Learning Management Systems | News

Alamo Colleges Shift to Cloud-Based LMS in Near-Million Dollar Deal

Five colleges in San Antonio will be migrating to a new learning management system (LMS) over the next 10 months. The Alamo Colleges, a group of five institutions, have selected Instructure's Canvas to replace Blackboard Vista. According to trustees meeting notes, the colleges will spend $949,800 for a three-year agreement with Instructure to deliver the online LMS.

The colleges' elearning committee began a faculty-driven process that included both instructors and students to test and evaluate a dozen replacement LMSs. Faculty selected Canvas as the first choice "by a wide margin over Blackboard Learn," the institutions stated on a Web site about the project. The new software will be phased in through a spring pilot program managed by a joint distance learning and IT team and deployed broadly through the rest of the year. By December 31, 2012, the schools said they expect to decommission Vista, which will no longer be supported by the vendor.

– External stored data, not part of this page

theorem mainTheorem6:
  fixes G :: "('a, 'c) monoid_scheme" and X :: "'b set" and \<phi> :: "'a \<Rightarrow> 'b \<Rightarrow> 'b"
    and H :: "('d, 'e) monoid_scheme" and Y :: "'f set" and \<psi> :: "'d \<Rightarrow> 'f \<Rightarrow> 'f"
  assumes "group_action G X \<phi>" and "group_action H Y \<psi>"
    and "Con_action H Y \<psi> \<subseteq> Con_action G X \<phi>"
  shows "tarski_number G X \<phi> \<le> tarski_number H Y \<psi>"
  unfolding tarski_number_def [of H]
proof (rule Inf_greatest, clarify)
  fix As gs Bs hs
  assume "paradoxical_decomposition H Y \<psi> As gs Bs hs"
  then obtain As' gs' Bs' hs' where "paradoxical_decomposition G X \<phi> As' gs' Bs' hs'"
    and "length As' = length As" "length Bs' = length Bs"
    using paradoxical_decomposition_transfer[OF assms] by blast
  then show "tarski_number G X \<phi> \<le> enat (length As + length Bs)"
    using tarski_number_le by metis
qed

end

The assessment concluded that Canvas was "intuitive, 'clean,' easy to understand and use, and based on current needs," according to an FAQ posted online for faculty and staff. "For example, students and faculty can choose their own notification settings (text, Facebook, Twitter, personal email, etc.) without actually sharing personal information. The product is also based on a new Web framework called Ruby on Rails; it is not reliant upon Java technology. The new LMS will be cloud-hosted; this means that data is stored on remote servers, not at the Alamo Colleges. The Instructure company will provide 24/7 support for all users. Finally, Canvas is a new product that is innovative and user-friendly."

"Canvas has great potential to enhance both faculty teaching and student learning at our colleges," said Thomas Cleary, Alamo Colleges' vice chancellor for planning, performance and information systems. "We are excited about supporting such a state-of-the-art system at the Alamo Colleges." Cleary said faculty response to the new software has been enthusiastic, with faculty members eagerly "lining up" to participate in the pilot program.

However, the colleges won't be eliminating Blackboard technology completely. At the same trustees meeting that selected Instructure for LMS software, Blackboard was also awarded a contract for its mobile application solution. The colleges will be spending $66,000 for the purchase of design work, software, training, and vendor-hosted services "to deliver access to mobile devices both on and off any campus."